Ramona is in Glenwood School and all is going well until one day her father comes home and announces he has lost his job. The Quimbys must now cope with the breadwinner searching for another job, filling out job applications and collecting unemployment insurance. Mrs. Quimby goes to work full-time, but things are still very tight for the family. Mr. Quimby sinks into depression and Mrs. Quimby tells the children that they must not do anything that would further upset their dad.

Ramona wants to help, so she crosses almost everything off her wish list for Christmas. Then she adds one more item – a happy family - hoping that her wish comes true. The Quimbys are also dealing with the family's temperamental car, Beezus' problems with her creative writing class, and Ramona's efforts to get her father to stop smoking. One day when Ramona worries about the family, Mr. Quimby reassures her the Quimbys will always be together and strong, no matter what happens.

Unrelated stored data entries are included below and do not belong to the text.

lemma query_value_add_mset_least_le:
  assumes least: "\<forall>y\<in>#G. m \<le> y" and "b \<in># G"
  shows "query_value (add_mset m G) b \<le> subtree_reward m + subtree_discount m * query_value G b"
proof -
  have "m \<le> b" using assms by blast
  define low where "low ob = {#x \<in># ct_obs_kids ob. x < m#}" for ob
  define high where "high ob = {#x \<in># ct_obs_kids ob. \<not> x < m#}" for ob
  define x where "x = (\<integral>\<^sup>+ob. obs_reward b ob + ennreal \<gamma> * greedy_value (low ob) \<partial>outcome b)"
  define z where "z = (\<integral>\<^sup>+ob. ennreal \<gamma> * (\<Prod>y\<in>#low ob. subtree_discount y) *
                         greedy_value (G - {#b#} + high ob) \<partial>outcome b)"
  have G_split: "query_value G b = x + z"
    unfolding x_def z_def low_def high_def by (rule query_value_split[OF least])
  have shift: "greedy_value (add_mset m G - {#b#} + high ob) =
      subtree_reward m + subtree_discount m * greedy_value (G - {#b#} + high ob)" for ob
  proof -
    have "add_mset m G - {#b#} + high ob = add_mset m (G - {#b#} + high ob)"
      using \<open>b \<in># G\<close> by simp
    moreover have "\<forall>y\<in>#G - {#b#} + high ob. m \<le> y"
      using least by (auto simp: high_def dest: in_diffD)
    ultimately show ?thesis by (simp add: sorted_reward_add_mset_least)
  qed
  have least': "\<forall>y\<in>#add_mset m G. m \<le> y" using least by simp
  have "query_value (add_mset m G) b = x +
      (\<integral>\<^sup>+ob. ennreal \<gamma> * (\<Prod>y\<in>#low ob. subtree_discount y) *
         (subtree_reward m + subtree_discount m * greedy_value (G - {#b#} + high ob)) \<partial>outcome b)"
    unfolding query_value_split[OF least'] shift[unfolded high_def] x_def low_def high_def ..
  also have "\<dots> = x +
      ((\<integral>\<^sup>+ob. subtree_reward m * (ennreal \<gamma> * (\<Prod>y\<in>#low ob. subtree_discount y)) \<partial>outcome b) +
       (\<integral>\<^sup>+ob. subtree_discount m * (ennreal \<gamma> * (\<Prod>y\<in>#low ob. subtree_discount y) *
          greedy_value (G - {#b#} + high ob)) \<partial>outcome b))"
    by (subst nn_integral_add[symmetric]) (auto intro!: nn_integral_cong simp: algebra_simps)
  also have "\<dots> = x + subtree_reward m * subtree_discount m + subtree_discount m * z"
    unfolding z_def low_def
    by (simp add: nn_integral_cmult truncated_subtree_discount_eq[OF \<open>m \<le> b\<close>] add.assoc)
  also have "\<dots> \<le> subtree_reward m + subtree_discount m * (x + z)"
  proof -
    \<comment> \<open>\<open>x\<close> is the job formed by \<open>b\<close> and its children below \<open>m\<close>; swap it with the subtree of \<open>m\<close>.\<close>
    have "x \<le> subtree_reward m"
      unfolding x_def low_def using \<open>m \<le> b\<close> by (rule truncated_subtree_reward_le)
    from exchange_le_ennreal[OF this subtree_discount_le_1]
    show ?thesis by (simp add: distrib_left add_right_mono flip: add.assoc)
  qed
  finally show ?thesis unfolding G_split .
qed

lemma query_value_le_greedy_value:
  assumes "b \<in># F"
  shows "query_value F b \<le> greedy_value F"
  using assms
proof (induction "size F" arbitrary: F rule: less_induct)
  case less
  define m where "m = Min_mset F"
  define G where "G = F - {#m#}"
  have "F \<noteq> {#}" using less.prems by auto
  then have F: "F = add_mset m G" and least: "\<forall>y\<in>#G. m \<le> y"
    by (auto simp: m_def G_def dest: in_diffD)
  show ?case
  proof (cases "b = m")
    case True
    then show ?thesis using greedy_value_eq_query_value_Min[OF \<open>F \<noteq> {#}\<close>] by (simp add: m_def)
  next
    case False
    then have "b \<in># G" using less.prems F by simp
    have "query_value F b \<le> subtree_reward m + subtree_discount m * query_value G b"
      unfolding F using least \<open>b \<in># G\<close> by (rule query_value_add_mset_least_le)
    also have "\<dots> \<le> subtree_reward m + subtree_discount m * greedy_value G"
      using less.hyps[of G] \<open>b \<in># G\<close> F by (intro add_left_mono mult_left_mono) auto
    also have "\<dots> = greedy_value F"
      unfolding F using least by (rule sorted_reward_add_mset_least[symmetric])
    finally show ?thesis .
  qed
qed

lemma ct_val_le_greedy_value:
  assumes "ct_admissible F0 \<sigma>"
  shows "ct_val D p \<beta> \<sigma> F0 n hs \<le> ennreal (\<gamma> ^ length hs) * greedy_value (ct_frontier F0 hs)"
proof (induction n arbitrary: hs)
  case 0
  then show ?case by simp
next
  case (Suc n)
  let ?F = "ct_frontier F0 hs" and ?t = "length hs" and ?b = "\<sigma> hs"
  show ?case
  proof (cases "?F = {#}")
    case True
    then show ?thesis by simp
  next
    case False
    then have "?b \<in># ?F" using assms unfolding ct_admissible_def by blast
    have "ct_val D p \<beta> \<sigma> F0 (Suc n) hs =
        (\<integral>\<^sup>+ob. ct_benefit \<beta> ?t ?b ob + ct_val D p \<beta> \<sigma> F0 n ((?b, ob) # hs) \<partial>outcome ?b)"
      using False by simp
    also have "\<dots> \<le> (\<integral>\<^sup>+ob. ennreal (\<gamma> ^ ?t) *
        (obs_reward ?b ob + ennreal \<gamma> * greedy_value (?F - {#?b#} + ct_obs_kids ob)) \<partial>outcome ?b)"
    proof (rule nn_integral_pmf_mono)
      fix ob
      have "ct_val D p \<beta> \<sigma> F0 n ((?b, ob) # hs)
          \<le> ennreal (\<gamma> ^ ?t) * (ennreal \<gamma> * greedy_value (?F - {#?b#} + ct_obs_kids ob))"
        using Suc.IH[of "(?b, ob) # hs"] gamma_pos unfolding ct_frontier_Cons
        by (simp add: ennreal_mult ac_simps)
      then show "ct_benefit \<beta> ?t ?b ob + ct_val D p \<beta> \<sigma> F0 n ((?b, ob) # hs) \<le> ennreal (\<gamma> ^ ?t) *
          (obs_reward ?b ob + ennreal \<gamma> * greedy_value (?F - {#?b#} + ct_obs_kids ob))"
        by (simp add: ct_benefit_eq distrib_left add_left_mono)
    qed
    also have "\<dots> = ennreal (\<gamma> ^ ?t) * query_value ?F ?b"
      unfolding query_value_def by (rule nn_integral_cmult) simp
    also have "\<dots> \<le> ennreal (\<gamma> ^ ?t) * greedy_value ?F"
      using \<open>?b \<in># ?F\<close> by (intro mult_left_mono query_value_le_greedy_value) auto
    finally show ?thesis .
  qed
qed

lemma greedy_value_le_ct_val_greedy:
  "ennreal (\<gamma> ^ length hs) * greedy_value (ct_frontier F0 hs)
     \<le> ct_val D p \<beta> (ct_greedy F0) F0 n hs + ennreal (\<gamma> ^ (length hs + n)) * value_bound"
proof (induction n arbitrary: hs)
  case 0
  then show ?case using greedy_value_le_bound by (simp add: mult_left_mono)
next
  case (Suc n)
  let ?F = "ct_frontier F0 hs" and ?t = "length hs" and ?b = "ct_greedy F0 hs"
  let ?tail = "ennreal (\<gamma> ^ (?t + Suc n)) * value_bound"
  show ?case
  proof (cases "?F = {#}")
    case True
    then show ?thesis by simp
  next
    case False
    have "ennreal (\<gamma> ^ ?t) * greedy_value ?F = ennreal (\<gamma> ^ ?t) * query_value ?F ?b"
      using greedy_value_eq_query_value_Min[OF False] by (simp add: ct_greedy_def)
    also have "\<dots> = (\<integral>\<^sup>+ob. ennreal (\<gamma> ^ ?t) *
        (obs_reward ?b ob + ennreal \<gamma> * greedy_value (?F - {#?b#} + ct_obs_kids ob)) \<partial>outcome ?b)"
      unfolding query_value_def by (rule nn_integral_cmult[symmetric]) simp
    also have "\<dots> \<le> (\<integral>\<^sup>+ob. (ct_benefit \<beta> ?t ?b ob + ct_val D p \<beta> (ct_greedy F0) F0 n ((?b, ob) # hs))
        + ?tail \<partial>outcome ?b)"
    proof (rule nn_integral_pmf_mono)
      fix ob
      have "ennreal (\<gamma> ^ ?t) * (ennreal \<gamma> * greedy_value (?F - {#?b#} + ct_obs_kids ob))
          \<le> ct_val D p \<beta> (ct_greedy F0) F0 n ((?b, ob) # hs) + ?tail"
        using Suc.IH[of "(?b, ob) # hs"] gamma_pos unfolding ct_frontier_Cons
        by (simp add: ennreal_mult ac_simps)
      then show "ennreal (\<gamma> ^ ?t) *
          (obs_reward ?b ob + ennreal \<gamma> * greedy_value (?F - {#?b#} + ct_obs_kids ob))
          \<le> (ct_benefit \<beta> ?t ?b ob + ct_val D p \<beta> (ct_greedy F0) F0 n ((?b, ob) # hs)) + ?tail"
        by (simp add: ct_benefit_eq distrib_left add.assoc add_left_mono)
    qed
    also have "\<dots> = ct_val D p \<beta> (ct_greedy F0) F0 (Suc n) hs + ?tail"
      using False by (simp add: nn_integral_add)
    finally show ?thesis .
  qed
qed

lemma ct_expected_benefit_le_greedy:
  assumes "ct_admissible F0 \<sigma>"
  shows "ct_expected_benefit D p \<beta> \<sigma> F0 \<le> ct_expected_benefit D p \<beta> (ct_greedy F0) F0"
proof -
  have "ct_expected_benefit D p \<beta> \<sigma> F0 \<le> greedy_value F0"
    unfolding ct_expected_benefit_def
    using ct_val_le_greedy_value[OF assms, of _ "[]"] by (intro SUP_least) simp
  also have "\<dots> \<le> ct_expected_benefit D p \<beta> (ct_greedy F0) F0"
  proof (rule ennreal_le_of_le_add_power)
    show "value_bound < \<top>" by (simp add: value_bound_def)
    fix n
    have "greedy_value F0 \<le> ct_val D p \<beta> (ct_greedy F0) F0 n [] + ennreal (\<gamma> ^ n) * value_bound"
      using greedy_value_le_ct_val_greedy[of "[]" F0 n] by simp
    also have "\<dots> \<le> ct_expected_benefit D p \<beta> (ct_greedy F0) F0 + ennreal (\<gamma> ^ n) * value_bound"
      unfolding ct_expected_benefit_def by (intro add_right_mono SUP_upper) auto
    finally show "greedy_value F0 \<le> \<dots>" .
  qed (use gamma_pos gamma_less_1 in auto)
  finally show ?thesis .
qed

end

lemma ct_admissible_greedy: "ct_admissible F0 (ct_greedy F0)"
  unfolding ct_admissible_def ct_greedy_def by auto

theorem theorem5p1:
  fixes T :: nat and D :: "nat pmf" and p\<^sub>T :: real and \<beta> :: real
  assumes "0 < p\<^sub>T" and "p\<^sub>T \<le> 1" and "0 < \<beta>"
  shows "ct_optimal T D p\<^sub>T \<beta> ct_greedy"
proof -
  interpret contact_tracing D p\<^sub>T \<beta> using \<open>0 < \<beta>\<close> by unfold_locales
  show ?thesis
    unfolding ct_optimal_def using ct_admissible_greedy ct_expected_benefit_le_greedy by blast
qed

end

That Christmas Beezus and Ramona participate in their church's Christmas pageant. Beezus is to be the Virgin Mary and Ramona decides that she and her friends Howie and Davy should be sheep. Unfortunately, her Mother doesn't have time to sew a costume so Ramona has to wear a pair of old pajamas, which she hates. In the end, the sheep steal the show and Ramona and her family share a wonderful night together.

Reception

Ramona and Her Father was a 1978 Newbery Honor book. Kirkus Reviews gave it a starred review for "books of remarkable merit", citing Cleary's ability to accurately convey the concerns of children, including Ramona's feelings about her father's smoking. Scholastic's review also pointed out Cleary's ability to portray children's troubles, saying, "Cleary has a perfect instinct for expressing the mixed emotions that inform children's actions" Children's Literature agreed, "Beverly Cleary's books are always funny and insightful." In 2012 it was ranked number 94 on a list of the top 100 children's novels published by School Library Journal.

Characters
 Beatrice "Beezus" Quimby – Older sister who is in seventh grade. 
 Mrs. Quimby – Mother Dorothy. 
 Mr. Quimby – Father Robert. 
 Howard "Howie" Kemp – Ramona's friend since Beezus and Ramona. 
 Picky Picky – The Quimby's old yellow cat who is 11. 
 Mrs. Rogers – Ramona's second grade teacher. 
 David "Davy" – A boy who Ramona tried to kiss in Ramona the Pest and tried to help with school work in Ramona the Brave. 
 Mrs. Russo – Ramona's Sunday school teacher. 
 Willa Jean – Howie's little sister since  Beezus and Ramona. 
 Mrs. Kemp – Howie's mother since Beezus and Ramona. 
 Mrs. Swink – An old lady whom Ramona and Beezus go visit for an interview for Beezus' creative writing. She gave Ramona the idea for tin can stilts. 
 Margarine Boy – A boy Ramona's age in a commercial.

Awards and nominations
 Newbery Honor Book
 Land of Enchantment Book Award (New Mexico)
 Texas Bluebonnet Award
 Nene Award (Hawaii)
 Beehive Award (Utah)
 IRA/CBC Children's Choice

Editions
Audio Formats: Ramona and Her Father is available in cassette, CD and eAudiobook from Random House/Listening Library.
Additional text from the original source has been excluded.